_Work to complete_:
Copy every line in the listing that contains "open".

-------- The data --------

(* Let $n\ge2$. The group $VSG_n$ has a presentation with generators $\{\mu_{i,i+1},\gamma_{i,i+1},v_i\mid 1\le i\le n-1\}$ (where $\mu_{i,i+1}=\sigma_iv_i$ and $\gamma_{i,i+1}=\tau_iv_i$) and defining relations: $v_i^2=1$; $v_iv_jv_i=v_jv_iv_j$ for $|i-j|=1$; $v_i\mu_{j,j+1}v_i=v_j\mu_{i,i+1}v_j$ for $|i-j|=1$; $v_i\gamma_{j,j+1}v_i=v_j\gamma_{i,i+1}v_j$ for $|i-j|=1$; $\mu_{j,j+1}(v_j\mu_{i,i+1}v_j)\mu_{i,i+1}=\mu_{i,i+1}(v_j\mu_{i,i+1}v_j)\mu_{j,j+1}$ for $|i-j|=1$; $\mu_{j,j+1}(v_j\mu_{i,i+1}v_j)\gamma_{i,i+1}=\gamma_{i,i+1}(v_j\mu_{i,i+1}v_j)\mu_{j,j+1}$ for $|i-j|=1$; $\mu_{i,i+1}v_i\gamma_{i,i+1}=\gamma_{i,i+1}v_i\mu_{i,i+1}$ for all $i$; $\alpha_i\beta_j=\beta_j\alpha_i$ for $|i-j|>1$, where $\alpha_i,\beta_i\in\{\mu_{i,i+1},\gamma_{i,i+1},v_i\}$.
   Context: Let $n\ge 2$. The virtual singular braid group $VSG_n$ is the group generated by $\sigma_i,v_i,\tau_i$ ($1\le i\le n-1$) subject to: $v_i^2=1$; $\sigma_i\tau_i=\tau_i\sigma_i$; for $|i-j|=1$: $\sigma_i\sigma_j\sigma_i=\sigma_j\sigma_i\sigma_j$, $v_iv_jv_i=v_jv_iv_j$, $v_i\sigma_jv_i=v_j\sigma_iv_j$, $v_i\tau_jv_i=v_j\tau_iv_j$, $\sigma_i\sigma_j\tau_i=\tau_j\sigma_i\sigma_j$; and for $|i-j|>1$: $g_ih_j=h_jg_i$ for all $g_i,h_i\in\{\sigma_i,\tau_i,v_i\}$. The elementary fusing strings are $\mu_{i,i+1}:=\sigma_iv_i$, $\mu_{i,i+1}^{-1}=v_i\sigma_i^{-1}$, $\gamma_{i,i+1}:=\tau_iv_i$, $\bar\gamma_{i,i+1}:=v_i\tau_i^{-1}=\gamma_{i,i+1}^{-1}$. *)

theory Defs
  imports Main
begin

--------
-------- The data --------

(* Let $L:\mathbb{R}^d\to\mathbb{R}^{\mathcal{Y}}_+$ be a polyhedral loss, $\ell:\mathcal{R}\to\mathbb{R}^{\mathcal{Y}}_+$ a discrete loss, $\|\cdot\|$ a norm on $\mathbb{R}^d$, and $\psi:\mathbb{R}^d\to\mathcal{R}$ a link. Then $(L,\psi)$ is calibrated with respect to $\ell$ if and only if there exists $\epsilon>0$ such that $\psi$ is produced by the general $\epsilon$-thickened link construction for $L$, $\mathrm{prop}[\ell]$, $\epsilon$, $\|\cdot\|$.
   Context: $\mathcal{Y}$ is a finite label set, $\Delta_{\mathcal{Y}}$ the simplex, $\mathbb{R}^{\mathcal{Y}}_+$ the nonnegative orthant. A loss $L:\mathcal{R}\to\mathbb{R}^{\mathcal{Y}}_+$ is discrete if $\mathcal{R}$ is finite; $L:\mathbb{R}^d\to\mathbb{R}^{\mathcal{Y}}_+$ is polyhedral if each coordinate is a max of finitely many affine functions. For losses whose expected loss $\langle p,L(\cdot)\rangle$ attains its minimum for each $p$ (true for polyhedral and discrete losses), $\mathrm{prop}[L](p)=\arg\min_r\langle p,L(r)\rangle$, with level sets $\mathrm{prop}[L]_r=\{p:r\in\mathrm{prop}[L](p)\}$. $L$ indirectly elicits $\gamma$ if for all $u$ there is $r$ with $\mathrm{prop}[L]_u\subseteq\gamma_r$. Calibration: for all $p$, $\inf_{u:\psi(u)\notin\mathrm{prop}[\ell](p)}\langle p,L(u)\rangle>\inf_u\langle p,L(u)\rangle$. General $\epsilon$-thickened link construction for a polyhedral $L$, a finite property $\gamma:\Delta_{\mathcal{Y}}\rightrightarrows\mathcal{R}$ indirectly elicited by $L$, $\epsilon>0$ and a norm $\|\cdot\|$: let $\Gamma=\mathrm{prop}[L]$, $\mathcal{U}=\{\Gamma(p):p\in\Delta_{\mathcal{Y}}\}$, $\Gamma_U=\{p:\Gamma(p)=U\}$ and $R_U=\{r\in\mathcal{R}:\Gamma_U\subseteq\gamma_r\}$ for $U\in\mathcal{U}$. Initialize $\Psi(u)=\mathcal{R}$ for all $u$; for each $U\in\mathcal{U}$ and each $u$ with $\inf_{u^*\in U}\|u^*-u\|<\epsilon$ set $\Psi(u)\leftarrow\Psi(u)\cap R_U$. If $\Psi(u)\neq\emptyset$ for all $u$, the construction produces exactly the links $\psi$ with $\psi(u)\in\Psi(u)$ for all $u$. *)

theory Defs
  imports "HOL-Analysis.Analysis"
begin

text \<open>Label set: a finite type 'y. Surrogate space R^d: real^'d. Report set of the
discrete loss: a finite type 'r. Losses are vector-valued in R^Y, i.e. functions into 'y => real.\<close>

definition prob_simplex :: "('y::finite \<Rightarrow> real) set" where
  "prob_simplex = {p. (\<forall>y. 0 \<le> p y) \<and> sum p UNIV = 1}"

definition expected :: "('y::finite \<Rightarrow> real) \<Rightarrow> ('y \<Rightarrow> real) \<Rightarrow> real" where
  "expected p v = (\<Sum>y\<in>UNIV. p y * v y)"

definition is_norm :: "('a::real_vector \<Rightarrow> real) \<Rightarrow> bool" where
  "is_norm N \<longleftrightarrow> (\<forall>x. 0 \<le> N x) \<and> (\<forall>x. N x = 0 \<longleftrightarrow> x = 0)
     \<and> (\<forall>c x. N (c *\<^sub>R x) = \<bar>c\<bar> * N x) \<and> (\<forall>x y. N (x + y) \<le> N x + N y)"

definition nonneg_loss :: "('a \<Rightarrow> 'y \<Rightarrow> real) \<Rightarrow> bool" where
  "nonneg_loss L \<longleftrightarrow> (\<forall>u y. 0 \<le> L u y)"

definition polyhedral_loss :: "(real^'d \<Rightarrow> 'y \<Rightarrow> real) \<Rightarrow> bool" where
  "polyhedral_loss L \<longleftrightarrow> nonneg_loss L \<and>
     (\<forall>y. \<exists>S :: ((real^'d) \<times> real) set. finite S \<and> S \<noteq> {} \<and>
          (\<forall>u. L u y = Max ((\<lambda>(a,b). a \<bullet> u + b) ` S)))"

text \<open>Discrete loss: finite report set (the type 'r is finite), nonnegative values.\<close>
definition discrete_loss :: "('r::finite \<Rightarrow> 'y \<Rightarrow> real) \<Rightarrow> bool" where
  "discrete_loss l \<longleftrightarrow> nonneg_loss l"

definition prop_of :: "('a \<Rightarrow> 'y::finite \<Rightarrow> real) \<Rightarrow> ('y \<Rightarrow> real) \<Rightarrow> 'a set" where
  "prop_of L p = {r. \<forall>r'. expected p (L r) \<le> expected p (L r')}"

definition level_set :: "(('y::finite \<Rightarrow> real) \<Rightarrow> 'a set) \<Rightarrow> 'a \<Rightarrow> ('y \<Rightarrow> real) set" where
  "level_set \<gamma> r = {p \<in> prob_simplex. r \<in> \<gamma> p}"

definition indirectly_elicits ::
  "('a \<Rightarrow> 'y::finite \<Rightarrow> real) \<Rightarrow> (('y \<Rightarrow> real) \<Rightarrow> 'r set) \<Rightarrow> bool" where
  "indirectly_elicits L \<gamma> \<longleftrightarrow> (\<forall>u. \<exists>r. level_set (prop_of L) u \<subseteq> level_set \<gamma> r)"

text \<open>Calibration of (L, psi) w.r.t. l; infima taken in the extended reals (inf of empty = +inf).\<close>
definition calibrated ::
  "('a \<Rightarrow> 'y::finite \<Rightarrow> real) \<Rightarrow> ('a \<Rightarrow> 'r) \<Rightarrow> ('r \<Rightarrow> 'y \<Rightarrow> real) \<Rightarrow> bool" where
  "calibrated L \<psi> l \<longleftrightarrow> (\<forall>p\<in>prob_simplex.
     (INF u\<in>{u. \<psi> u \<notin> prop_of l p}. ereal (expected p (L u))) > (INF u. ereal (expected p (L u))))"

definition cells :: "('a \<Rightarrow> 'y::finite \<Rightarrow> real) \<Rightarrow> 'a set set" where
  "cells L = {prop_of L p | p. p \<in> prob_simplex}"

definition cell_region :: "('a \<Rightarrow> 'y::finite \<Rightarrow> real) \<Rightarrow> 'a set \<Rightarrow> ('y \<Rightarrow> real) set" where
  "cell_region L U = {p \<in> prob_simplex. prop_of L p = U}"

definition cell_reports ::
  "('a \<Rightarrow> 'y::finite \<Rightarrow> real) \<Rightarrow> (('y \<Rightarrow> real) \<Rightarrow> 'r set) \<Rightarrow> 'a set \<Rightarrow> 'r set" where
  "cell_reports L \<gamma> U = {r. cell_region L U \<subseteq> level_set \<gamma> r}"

--------

_Written answer_:
text \<open>Label set: a finite type 'y. Surrogate space R^d: real^'d. Report set of the
text \<open>Discrete loss: finite report set (the type 'r is finite), nonnegative values.\<close>
text \<open>Calibration of (L, psi) w.r.t. l; infima taken in the extended reals (inf of empty = +inf).\<close>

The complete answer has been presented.